888-448-5451 [email protected]

2022 Audit Plan Hot Spots

For business executives

The pandemic brought about a lot of changes for businesses that executives were not expecting, in any way shape or form.  No one could have prepared for what came because that is how unexpected it was for the whole world, but everyone did their best. Now that post-pandemic aspects are settling in (so to speak), plans for 2022 begin to take place and audit hot spots are on the agenda. 

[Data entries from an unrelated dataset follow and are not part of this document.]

(* There is no circulant weighing matrix $CW(143,36)$.
   Context: A circulant weighing matrix $CW(n,k)$ is an $n\times n$ circulant matrix $W$ (each row after the first is the right cyclic shift of the previous row) with all entries in $\{0,1,-1\}$ such that $WW^T=kI_n$. *)

theory Defs
  imports Main
begin

definition is_circulant :: "nat \<Rightarrow> (nat \<Rightarrow> nat \<Rightarrow> int) \<Rightarrow> bool" where
  "is_circulant n W \<longleftrightarrow>
     (\<forall>i < n. \<forall>j < n. W i j = W 0 ((j + n - i) mod n))"

definition is_CW :: "nat \<Rightarrow> nat \<Rightarrow> (nat \<Rightarrow> nat \<Rightarrow> int) \<Rightarrow> bool" where
  "is_CW n k W \<longleftrightarrow>
     is_circulant n W \<and>
     (\<forall>i < n. \<forall>j < n. W i j \<in> {0, 1, -1}) \<and>
     (\<forall>i < n. \<forall>j < n. (\<Sum>l<n. W i l * W j l) = (if i = j then int k else 0))"

end

theory Submission
  imports Defs "HOL-Computational_Algebra.Polynomial" "HOL-Computational_Algebra.Primes"
begin

definition cyc_cong :: "int \<Rightarrow> nat \<Rightarrow> int poly \<Rightarrow> int poly \<Rightarrow> bool" where
  "cyc_cong m n P Q \<longleftrightarrow> (\<exists>R S. P - Q = smult m R + (monom 1 n - 1) * S)"

syntax "_cyc_cong" :: "int poly \<Rightarrow> int poly \<Rightarrow> int \<Rightarrow> nat \<Rightarrow> bool"
    ("(1[_ = _] '(' mod _, _'))")
translations "[P = Q] (mod m, n)" \<rightleftharpoons> "CONST cyc_cong m n P Q"

lemma cyc_cong_refl [simp]: "[P = P] (mod m, n)"
  unfolding cyc_cong_def by (rule exI[of _ 0], rule exI[of _ 0]) simp

lemma cyc_cong_iff_diff: "[P = Q] (mod m, n) \<longleftrightarrow> [P - Q = 0] (mod m, n)"
  unfolding cyc_cong_def by simp

lemma cyc_cong_add:
  assumes "[P = Q] (mod m, n)" "[P' = Q'] (mod m, n)"
  shows "[P + P' = Q + Q'] (mod m, n)"
proof -
  obtain R S R' S' where "P - Q = smult m R + (monom 1 n - 1) * S"
    and "P' - Q' = smult m R' + (monom 1 n - 1) * S'"
    using assms unfolding cyc_cong_def by blast
  then have "P + P' - (Q + Q') = smult m (R + R') + (monom 1 n - 1) * (S + S')"
    by (simp add: algebra_simps smult_add_right)
  then show ?thesis
    unfolding cyc_cong_def by blast
qed

lemma cyc_cong_mult_right:
  assumes "[P = Q] (mod m, n)"
  shows "[P * Z = Q * Z] (mod m, n)"
proof -
  obtain R S where "P - Q = smult m R + (monom 1 n - 1) * S"
    using assms unfolding cyc_cong_def by blast
  then have "P * Z - Q * Z = smult m (R * Z) + (monom 1 n - 1) * (S * Z)"
    by (metis distrib_right left_diff_distrib mult.assoc mult_smult_left)
  then show ?thesis
    unfolding cyc_cong_def by blast
qed

lemma cyc_cong_sym:
  assumes "[P = Q] (mod m, n)"
  shows "[Q = P] (mod m, n)"
proof -
  obtain R S where PQ: "P - Q = smult m R + (monom 1 n - 1) * S"
    using assms unfolding cyc_cong_def by blast
  have "Q - P = - (P - Q)"
    by simp
  also have "\<dots> = smult m (- R) + (monom 1 n - 1) * (- S)"
    unfolding PQ by simp
  finally show ?thesis
    unfolding cyc_cong_def by blast
qed

lemma cyc_cong_trans [trans]:
  assumes "[P = Q] (mod m, n)" "[Q = Z] (mod m, n)"
  shows "[P = Z] (mod m, n)"
proof -
  obtain R S R' S' where PQ: "P - Q = smult m R + (monom 1 n - 1) * S"
    and QZ: "Q - Z = smult m R' + (monom 1 n - 1) * S'"
    using assms unfolding cyc_cong_def by blast
  have "P - Z = (P - Q) + (Q - Z)"
    by simp
  also have "\<dots> = smult m (R + R') + (monom 1 n - 1) * (S + S')"
    unfolding PQ QZ by (simp add: algebra_simps smult_add_right)
  finally show ?thesis
    unfolding cyc_cong_def by blast
qed

lemma cyc_cong_mult:
  "[P = Q] (mod m, n) \<Longrightarrow> [P' = Q'] (mod m, n) \<Longrightarrow> [P * P' = Q * Q'] (mod m, n)"
  by (metis cyc_cong_mult_right cyc_cong_trans mult.commute)

lemma cyc_cong_uminus: "[P = Q] (mod m, n) \<Longrightarrow> [- P = - Q] (mod m, n)"
  using cyc_cong_mult_right[of m n P Q "-1"] by simp

lemma cyc_cong_diff:
  "[P = Q] (mod m, n) \<Longrightarrow> [P' = Q'] (mod m, n) \<Longrightarrow> [P - P' = Q - Q'] (mod m, n)"
  by (metis cyc_cong_add cyc_cong_uminus diff_conv_add_uminus)

lemma cyc_cong_power: "[P = Q] (mod m, n) \<Longrightarrow> [P ^ k = Q ^ k] (mod m, n)"
  by (induction k) (auto intro: cyc_cong_mult)

lemma cyc_cong_smult: "[P = Q] (mod m, n) \<Longrightarrow> [smult c P = smult c Q] (mod m, n)"
  using cyc_cong_mult_right[of m n P Q "[:c:]"] by (simp add: mult.commute)

lemma cyc_cong_sum:
  "(\<And>i. i \<in> A \<Longrightarrow> [f i = g i] (mod m, n)) \<Longrightarrow> [sum f A = sum g A] (mod m, n)"
  by (induction A rule: infinite_finite_induct) (auto intro: cyc_cong_add)

lemma cyc_cong_mult_zero_right: "[P = 0] (mod m, n) \<Longrightarrow> [P * Q = 0] (mod m, n)"
  using cyc_cong_mult_right[of m n P 0 Q] by simp

lemma cyc_cong_mult_zero_left: "[P = 0] (mod m, n) \<Longrightarrow> [Q * P = 0] (mod m, n)"
  using cyc_cong_mult_zero_right[of m n P Q] by (simp add: mult.commute)

lemma cyc_cong_smult_modulus [simp]: "[smult m P = 0] (mod m, n)"
  unfolding cyc_cong_def by (rule exI[of _ P], rule exI[of _ 0]) simp

lemma cyc_cong_modulus_dvd: "d dvd m \<Longrightarrow> [P = Q] (mod m, n) \<Longrightarrow> [P = Q] (mod d, n)"
  unfolding cyc_cong_def by (metis dvdE smult_smult)

lemma cyc_cong_mult_zero:
  assumes "[P = 0] (mod a, n)" "[Q = 0] (mod b, n)"
  shows "[P * Q = 0] (mod a * b, n)"
proof -
  obtain R S R' S' where P: "P = smult a R + (monom 1 n - 1) * S"
    and Q: "Q = smult b R' + (monom 1 n - 1) * S'"
    using assms unfolding cyc_cong_def by (metis diff_zero)
  have "P * Q = smult (a * b) (R * R')
      + (monom 1 n - 1) * (S * smult b R' + smult a R * S' + (monom 1 n - 1) * S * S')"
    unfolding P Q by (simp add: algebra_simps smult_add_right smult_diff_right)
  then show ?thesis
    unfolding cyc_cong_def by (metis diff_zero)
qed

lemma cyc_cong_coprime_modulus:
  assumes "coprime a b" "[P = 0] (mod a, n)" "[P = 0] (mod b, n)"
  shows "[P = 0] (mod a * b, n)"
proof -
  obtain u v where uv: "u * a + v * b = 1"
    using bezout_int[of a b] assms(1) by (auto simp: coprime_iff_gcd_eq_1)
  obtain R S R' S' where P: "P = smult a R + (monom 1 n - 1) * S"
    and P': "P = smult b R' + (monom 1 n - 1) * S'"
    using assms(2,3) unfolding cyc_cong_def by (metis diff_zero)
  have "P = smult (u * a) P + smult (v * b) P"
    by (simp flip: smult_add_left add: uv)
  also have "\<dots> = smult (u * a) (smult b R' + (monom 1 n - 1) * S')
      + smult (v * b) (smult a R + (monom 1 n - 1) * S)"
    using P P' by metis
  also have "\<dots> = smult (a * b) (smult u R' + smult v R)
      + (monom 1 n - 1) * (smult (u * a) S' + smult (v * b) S)"
    by (simp add: algebra_simps smult_add_right smult_diff_right)
  finally show ?thesis
    unfolding cyc_cong_def by (metis diff_zero)
qed

lemma cyc_cong_X_power_order: "[monom 1 n = 1] (mod m, n)"
  unfolding cyc_cong_def by (rule exI[of _ 0], rule exI[of _ 1]) simp

lemma cyc_cong_monom_mod: "[monom c k = monom c (k mod n)] (mod m, n)"
proof -
  have "monom c k = monom c (k mod n) * monom 1 n ^ (k div n)"
    by (simp add: monom_power mult_monom)
  also have "[\<dots> = monom c (k mod n) * 1 ^ (k div n)] (mod m, n)"
    by (intro cyc_cong_mult cyc_cong_power cyc_cong_refl cyc_cong_X_power_order)
  finally show ?thesis
    by simp
qed

lemma cyc_cong_monom_eq_mod: "a mod n = b mod n \<Longrightarrow> [monom c a = monom c b] (mod m, n)"
  by (metis cyc_cong_monom_mod cyc_cong_sym cyc_cong_trans)

lemma cyc_cong_order_dvd:
  assumes "d dvd n" "[P = Q] (mod m, n)"
  shows "[P = Q] (mod m, d)"
proof -
  obtain R S where PQ: "P - Q = smult m R + (monom 1 n - 1) * S"
    using assms(2) unfolding cyc_cong_def by blast
  have "[monom 1 n = monom 1 0] (mod 0, d)"
    using assms(1) by (intro cyc_cong_monom_eq_mod) simp
  then have "[monom 1 n - 1 = 1 - 1] (mod 0, d)"
    by (intro cyc_cong_diff) (simp_all add: monom_eq_1)
  then obtain T :: "int poly" where "monom 1 n - 1 = (monom 1 d - 1) * T"
    by (auto simp: cyc_cong_def)
  with PQ have "P - Q = smult m R + (monom 1 d - 1) * (T * S)"
    by (simp add: mult.assoc)
  then show ?thesis
    unfolding cyc_cong_def by blast
qed

definition dilate :: "nat \<Rightarrow> int poly \<Rightarrow> int poly" where
  "dilate t P = pcompose P (monom 1 t)"

lemma pcompose_monom: "pcompose (monom c k) Q = smult c (Q ^ k)"
  by (induction k) (auto simp: monom_Suc pcompose_pCons monom_0)

lemma dilate_monom [simp]: "dilate t (monom c k) = monom c (k * t)"
  unfolding dilate_def pcompose_monom by (simp add: monom_power smult_monom mult.commute)

lemma dilate_dilate: "dilate s (dilate t P) = dilate (t * s) P"
  unfolding dilate_def by (simp add: pcompose_assoc[symmetric] pcompose_monom monom_power mult.commute)

lemma dilate_add [simp]: "dilate t (P + Q) = dilate t P + dilate t Q"
  by (simp add: dilate_def pcompose_add)

lemma dilate_diff [simp]: "dilate t (P - Q) = dilate t P - dilate t Q"
  by (simp add: dilate_def pcompose_diff)

lemma dilate_mult [simp]: "dilate t (P * Q) = dilate t P * dilate t Q"
  by (simp add: dilate_def pcompose_mult)

lemma dilate_smult [simp]: "dilate t (smult c P) = smult c (dilate t P)"
  by (simp add: dilate_def pcompose_smult)

lemma dilate_const [simp]: "dilate t [:c:] = [:c:]"
  by (simp add: dilate_def)

lemma dilate_1 [simp]: "dilate t 1 = 1"
  by (simp add: dilate_def pcompose_1)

For business executives who want to start taking a look at the top items you want to plan for in 2022, we have Gartner’s 12 item list.


2022 audit plan hot spots


  • Ransomware
  • Data and analytics governance
  • Digital business transformation
  • IT governance
  • Third parties
  • Business continuity (BC) and organizational resilience
  • Environmental, social and governance (ESG)
  • Supply chain
  • Strategy execution
  • Workforce management
  • Retention and recruitment
  • Economic uncertainty


As you can note, ransomware tops the list for 2022 audit plan hot spots.  We recently posted on NCX Group’s YouTube channel the SonicWall finding that ransomware increased 151% in the first half of 2021, so it is not surprising to see this cyber risks as number one out of twelve items to prepare for.

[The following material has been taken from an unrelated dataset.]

(* Let $W$ be an sc-Banach space and let $g:\mathcal O(([0,\infty)^k\oplus\mathbb R^{n-k})\oplus W,0)\to\mathbb R^N\oplus W$ be an sc-smooth germ such that, with $P:\mathbb R^N\oplus W\to W$ the canonical projection, the germ $P\circ(g-g(0,0)):\mathcal O(([0,\infty)^k\oplus\mathbb R^{n-k})\oplus W,0)\to W$ is an $\mathrm{sc}^0$-contraction germ. Then $g$ is linearized Fredholm at $0$ and its Fredholm index is $\operatorname{Ind}(g,0)=n-N$.
   Context: An sc-Banach space is a Banach space $E$ with a nested sequence of Banach spaces $E=E_0\supset E_1\supset\cdots$, the inclusions $E_n\to E_m$ ($m<n$) compact and $E_\infty=\bigcap E_m$ dense in each $E_m$; finite-dimensional spaces carry the constant structure, direct sums the levelwise one; $F^1$ denotes $F_1$ with levels $(F^1)_m=F_{m+1}$. A germ of neighborhoods $\mathcal O(C,0)$ is a decreasing sequence $U_0\supset U_1\supset\cdots$ with $U_m$ relatively open neighborhood of $0$ in $C\cap E_m$. An $\mathrm{sc}^0$-germ $g:\mathcal O(C,0)\to F$ is a continuous $g:U_0\to F_0$ with $g(U_m)\subset F_m$ and $g:U_m\to F_m$ continuous for all $m$ (an "$\mathrm{sc}^0$-germ into $(F,0)$" additionally has $g(0)=0$). It is $\mathrm{sc}^1$ if for $x\in U_1$ there is $Dg(x)\in\mathcal L(E_0,F_0)$ with $\|g(x+h)-g(x)-Dg(x)h\|_0/\|h\|_1\to0$ as $\|h\|_1\to0$ and $Tg(x,h)=(g(x),Dg(x)h)$ maps $U_{m+1}\oplus E_m$ into $F_{m+1}\oplus F_m$ and is an $\mathrm{sc}^0$-germ; $\mathrm{sc}^k$ inductively ($Tg$ of class $\mathrm{sc}^{k-1}$); sc-smooth means $\mathrm{sc}^k$ for all $k$ (then $g(0)\in F_\infty$). An $\mathrm{sc}^+$-germ is an $\mathrm{sc}$-smooth germ $s$ with $s(U_m)\subset F_{m+1}$ which is sc-smooth as a germ into $F^1$. An sc-operator is a bounded linear $T:E\to F$ mapping $E_m$ continuously into $F_m$ for all $m$. It is sc-Fredholm if there are levelwise topological splittings $E=K\oplus X$, $F=Y\oplus C$ into closed subspaces compatible with all levels such that $K=\ker T$ and $C$ are finite-dimensional, $Y=T(X)$ and $T:X\to Y$ is an sc-isomorphism; its index is $\dim K-\dim C$. The germ $g$ is linearized Fredholm at $0$ if for an $\mathrm{sc}^+$-germ $s$ with $s(0)=g(0)$ the linearization $D(g-s)(0)$ is an sc-Fredholm operator; its index $\operatorname{Ind}(g,0)$ is the Fredholm index of $D(g-s)(0)$ (this does not depend on the choice of $s$). An $\mathrm{sc}^0$-contraction germ is an $\mathrm{sc}^0$-germ $f:\mathcal O(V\oplus W,0)\to(W,0)$, $V$ a finite-dimensional partial quadrant, of the form $f(v,w)=w-B(v,w)$ with: for every $m$ and $0<\varepsilon<1$, $\|B(v,w)-B(v,w')\|_m\le\varepsilon\|w-w'\|_m$ for $(v,w),(v,w')$ sufficiently close to $(0,0)$ in $V\oplus W_m$. *)

theory Defs
  imports "HOL-Analysis.Analysis" "HOL-Library.Function_Algebras"
begin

When you note the long-term affects of the pandemic and the increase in ransomware, it’s evident why the other key areas for audit planning involve societal expectations such as ESG risks and BC and organizational resilience. 

If you are offline, you are not conducting business. 

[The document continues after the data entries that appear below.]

lemma ascending_permutes_eq_id:
  assumes x: "x permutes {1..n}" and asc: "\<And>j. 1 \<le> j \<Longrightarrow> j < n \<Longrightarrow> x j < x (Suc j)"
  shows "x = id"
proof -
  have gap: "x p + (q - p) \<le> x q" if "1 \<le> p" "p \<le> q" "q \<le> n" for p q
    using that
  proof (induction q)
    case (Suc q)
    then show ?case using asc[of q] by (cases "p = Suc q") auto
  qed simp
  have "x k = k" if k: "k \<in> {1..n}" for k
    using gap[of 1 k] gap[of k n] k permutes_in_image[OF x, of 1] permutes_in_image[OF x, of n]
    by auto
  then show ?thesis
    using permutes_not_in[OF x] by (auto simp: fun_eq_iff)
qed

lemma exists_word_inversion_number:
  assumes "x permutes {1..n}"
  shows "\<exists>ws. is_word n ws x \<and> length ws = inversion_number n x"
  using assms
proof (induction "inversion_number n x" arbitrary: x rule: less_induct)
  case less
  show ?case
  proof (cases "x = id")
    case True
    then show ?thesis by (auto simp: is_word_def)
  next
    case False
    then obtain j where j: "1 \<le> j" "j < n" "x (Suc j) < x j"
      using ascending_permutes_eq_id[OF less.prems] permutes_apply_neq[OF less.prems]
      by (metis lessI less_irrefl linorder_neqE_nat)
    then have jS: "j \<in> Sgens n" by (simp add: Sgens_def)
    have dec: "Suc (inversion_number n (x \<circ> sgen j)) = inversion_number n x"
      by (rule inversion_number_comp_sgen_descent[OF j])
    obtain ws where ws: "is_word n ws (x \<circ> sgen j)" "length ws = inversion_number n (x \<circ> sgen j)"
      using less.hyps[of "x \<circ> sgen j"] dec permutes_compose[OF sgen_permutes[OF jS] less.prems]
      by auto
    have "is_word n (ws @ [j]) x"
      using ws(1) jS by (auto simp: is_word_def word_eval_snoc o_assoc[symmetric])
    then show ?thesis using ws(2) dec by (intro exI[of _ "ws @ [j]"]) simp
  qed
qed

lemma len_eq_inversion_number:
  assumes x: "x permutes {1..n}"
  shows "len n x = inversion_number n x"
proof -
  obtain ws where ws: "is_word n ws x" "length ws = inversion_number n x"
    using exists_word_inversion_number[OF x] by blast
  then have "len n x \<le> inversion_number n x"
    unfolding len_def by (intro Least_le) blast
  moreover obtain vs where "is_word n vs x" "length vs = len n x"
    using ws LeastI[of "\<lambda>k. \<exists>ws. is_word n ws x \<and> length ws = k"] unfolding len_def by blast
  then have "inversion_number n x \<le> len n x"
    using inversion_number_word_le[of vs n] by (auto simp: is_word_def)
  ultimately show ?thesis by simp
qed

lemma len_inv:
  assumes x: "x permutes {1..n}"
  shows "len n (inv x) = len n x"
  using inversion_number_inv[OF x] len_eq_inversion_number[OF x]
    len_eq_inversion_number[OF permutes_inv[OF x]] by simp

lemma exists_reduced_word: "x permutes {1..n} \<Longrightarrow> \<exists>ws. reduced_word n ws x"
  using exists_word_inversion_number len_eq_inversion_number by (metis reduced_word_def)

lemma DR_iff:
  assumes x: "x permutes {1..n}" and j: "j \<in> Sgens n"
  shows "j \<in> DR n x \<longleftrightarrow> x (Suc j) < x j"
proof -
  have j': "1 \<le> j" "j < n" using j by (simp_all add: Sgens_def)
  have len_comp: "len n (x \<circ> sgen j) = inversion_number n (x \<circ> sgen j)"
    by (rule len_eq_inversion_number[OF permutes_compose[OF sgen_permutes[OF j] x]])
  consider "x j < x (Suc j)" | "x (Suc j) < x j"
    using permutes_apply_neq[OF x, of j "Suc j"] by linarith
  then show ?thesis
  proof cases
    case 1
    then show ?thesis
      using inversion_number_comp_sgen_ascent[OF j' 1] j
      by (simp add: DR_def len_comp len_eq_inversion_number[OF x])
  next
    case 2
    then show ?thesis
      using inversion_number_comp_sgen_descent[OF j' 2] j
      by (auto simp: DR_def len_comp len_eq_inversion_number[OF x])
  qed
qed

lemma DL_eq_DR_inv:
  assumes x: "x permutes {1..n}"
  shows "DL n x = DR n (inv x)"
proof -
  have "len n (sgen j \<circ> x) = len n (inv x \<circ> sgen j)" if "j \<in> Sgens n" for j
  proof -
    have sx: "sgen j \<circ> x permutes {1..n}" by (rule permutes_compose[OF x sgen_permutes[OF that]])
    have "inv (sgen j \<circ> x) = inv x \<circ> sgen j"
      using o_inv_distrib[OF permutes_bij[OF sgen_permutes[OF that]] permutes_bij[OF x]] by simp
    then show ?thesis using len_inv[OF sx] by simp
  qed
  then show ?thesis
    by (auto simp: DL_def DR_def len_inv[OF x])
qed

lemma DL_iff:
  assumes x: "x permutes {1..n}" and j: "j \<in> Sgens n"
  shows "j \<in> DL n x \<longleftrightarrow> inv x (Suc j) < inv x j"
  using DR_iff[OF permutes_inv[OF x] j] by (simp add: DL_eq_DR_inv[OF x])

lemma DL_inv_comp_iff:
  assumes u: "u permutes {1..n}" and w: "w permutes {1..n}" and j: "j \<in> Sgens n"
  shows "j \<in> DL n (inv u \<circ> w) \<longleftrightarrow> inv w (u (Suc j)) < inv w (u j)"
proof -
  have "inv (inv u \<circ> w) = inv w \<circ> u"
    using o_inv_distrib[OF permutes_bij[OF permutes_inv[OF u]] permutes_bij[OF w]]
    by (simp add: permutes_inv_inv[OF u])
  then show ?thesis
    using DL_iff[OF permutes_compose[OF w permutes_inv[OF u]] j] by simp
qed

section \<open>Support and stable initial segments\<close>

lemma supp_subset_Sgens: "supp n x \<subseteq> Sgens n"
  by (auto simp: supp_def reduced_word_def is_word_def)

lemma image_atLeastAtMost_word_eval:
  "set ws \<subseteq> Sgens n \<Longrightarrow> j \<notin> set ws \<Longrightarrow> word_eval ws ` {1..j} = {1..j}"
proof (induction ws)
  case (Cons a ws)
  then have "1 \<le> a" "a \<noteq> j" "word_eval ws ` {1..j} = {1..j}" by (auto simp: Sgens_def)
  then show ?case
    unfolding word_eval_Cons image_comp[symmetric] using image_atLeastAtMost_sgen[of a j] by simp
qed simp

lemma sum_atLeastAtMost_comp_sgen_other:
  assumes "1 \<le> a" "a \<noteq> j"
  shows "(\<Sum>p=1..j. y (sgen a p)) = (\<Sum>p=1..j. y p)"
  using image_atLeastAtMost_sgen[OF assms]
  by (intro sum.reindex_bij_betw) (simp add: bij_betw_def sgen_def)

lemma sum_atLeastAtMost_comp_sgen_same:
  assumes "1 \<le> j"
  shows "(\<Sum>p=1..j. y (sgen j p)) + y j = (\<Sum>p=1..j. y p) + y (Suc j)"
proof -
  have "(\<Sum>p=1..<j. y (sgen j p)) = (\<Sum>p=1..<j. y p)"
    by (rule sum.cong) (auto simp: sgen_def)
  moreover have "{1..j} = insert j {1..<j}" using assms by auto
  ultimately show ?thesis by (simp add: sgen_def add_ac)
qed

lemma reduced_word_snoc:
  assumes ws: "set (ws @ [a]) \<subseteq> Sgens n"
    and red: "inversion_number n (word_eval (ws @ [a])) = length (ws @ [a])"
  shows "inversion_number n (word_eval ws) = length ws"
    and "word_eval ws a < word_eval ws (Suc a)"
proof -
  let ?y = "word_eval ws"
  have y: "?y permutes {1..n}" and a: "a \<in> Sgens n"
    using ws word_eval_permutes by auto
  have last: "inversion_number n (?y \<circ> sgen a) = Suc (length ws)"
    using red unfolding word_eval_snoc by simp
  have "inversion_number n ?y \<le> length ws"
    using inversion_number_word_le ws by auto
  moreover have "inversion_number n (?y \<circ> sgen a) \<le> Suc (inversion_number n ?y)"
    by (rule inversion_number_comp_sgen_le[OF y a])
  ultimately show reduced: "inversion_number n ?y = length ws"
    using last by linarith
  show "?y a < ?y (Suc a)"
  proof (rule ccontr)
    assume "\<not> ?y a < ?y (Suc a)"
    then have "?y (Suc a) < ?y a"
      using permutes_apply_neq[OF y, of a "Suc a"] by linarith
    then have "Suc (inversion_number n (?y \<circ> sgen a)) = inversion_number n ?y"
      using a by (intro inversion_number_comp_sgen_descent) (simp_all add: Sgens_def)
    then show False using last reduced by simp
  qed
qed

text \<open>Along a reduced word every letter is an ascent, so the sum of the first \<open>j\<close> values
  never decreases and strictly increases at each occurrence of \<open>s\<^sub>j\<close>.\<close>

lemma reduced_word_sum_atLeastAtMost:
  assumes "set ws \<subseteq> Sgens n" "inversion_number n (word_eval ws) = length ws" "1 \<le> j"
  shows "(\<Sum>p=1..j. p) + of_bool (j \<in> set ws) \<le> (\<Sum>p=1..j. word_eval ws p)"
  using assms
proof (induction ws rule: rev_induct)
  case (snoc a ws)
  let ?y = "word_eval ws"
  have a: "1 \<le> a" and ws: "set ws \<subseteq> Sgens n"
    using snoc.prems(1) by (auto simp: Sgens_def)
  have IH: "(\<Sum>p=1..j. p) + of_bool (j \<in> set ws) \<le> (\<Sum>p=1..j. ?y p)"
    using snoc.IH[OF ws reduced_word_snoc(1)[OF snoc.prems(1,2)] snoc.prems(3)] .
  have eval: "word_eval (ws @ [a]) p = ?y (sgen a p)" for p
    by (simp add: word_eval_snoc)
  show ?case
  proof (cases "a = j")
    case True
    have "(\<Sum>p=1..j. ?y (sgen j p)) + ?y j = (\<Sum>p=1..j. ?y p) + ?y (Suc j)"
      by (rule sum_atLeastAtMost_comp_sgen_same[OF snoc.prems(3)])
    moreover have "?y j < ?y (Suc j)"
      using reduced_word_snoc(2)[OF snoc.prems(1,2)] True by simp
    ultimately show ?thesis
      using IH True unfolding eval by simp
  next
    case False
    then show ?thesis
      using IH sum_atLeastAtMost_comp_sgen_other[OF a False, of ?y] unfolding eval by simp
  qed
qed simp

If you are offline, you can’t reach your customers or employees.

If you are offline, you won’t make it economically speaking in 2022.

If you are offline, you are that: ‘OFF’ ‘LINE’.

In today’s world, where lockdowns are still being discussed, this means you are not connected to anyone or anything if you are offline.  You can’t reach clients, employees, providers, partners, any of your data, and so forth. 

All that a business does is ONLINE now and those who are not embracing the online world are failing and closing up shop.

The caps are being used to make a point that business executives have been questioning since cybersecurity became a “thing”:  Why would a hacker, attack my business? What do I have that they would want?  We’re not a big business or someone famous or anything “special”?

The answer to the question, our CEO Mike Fitzpatrick, gives a very simple and straightforward answer to it every time it is asked: Your business data is what you have, and it is what they want. 

Whether a business fails or succeeds is not of a cyber criminal’s concern.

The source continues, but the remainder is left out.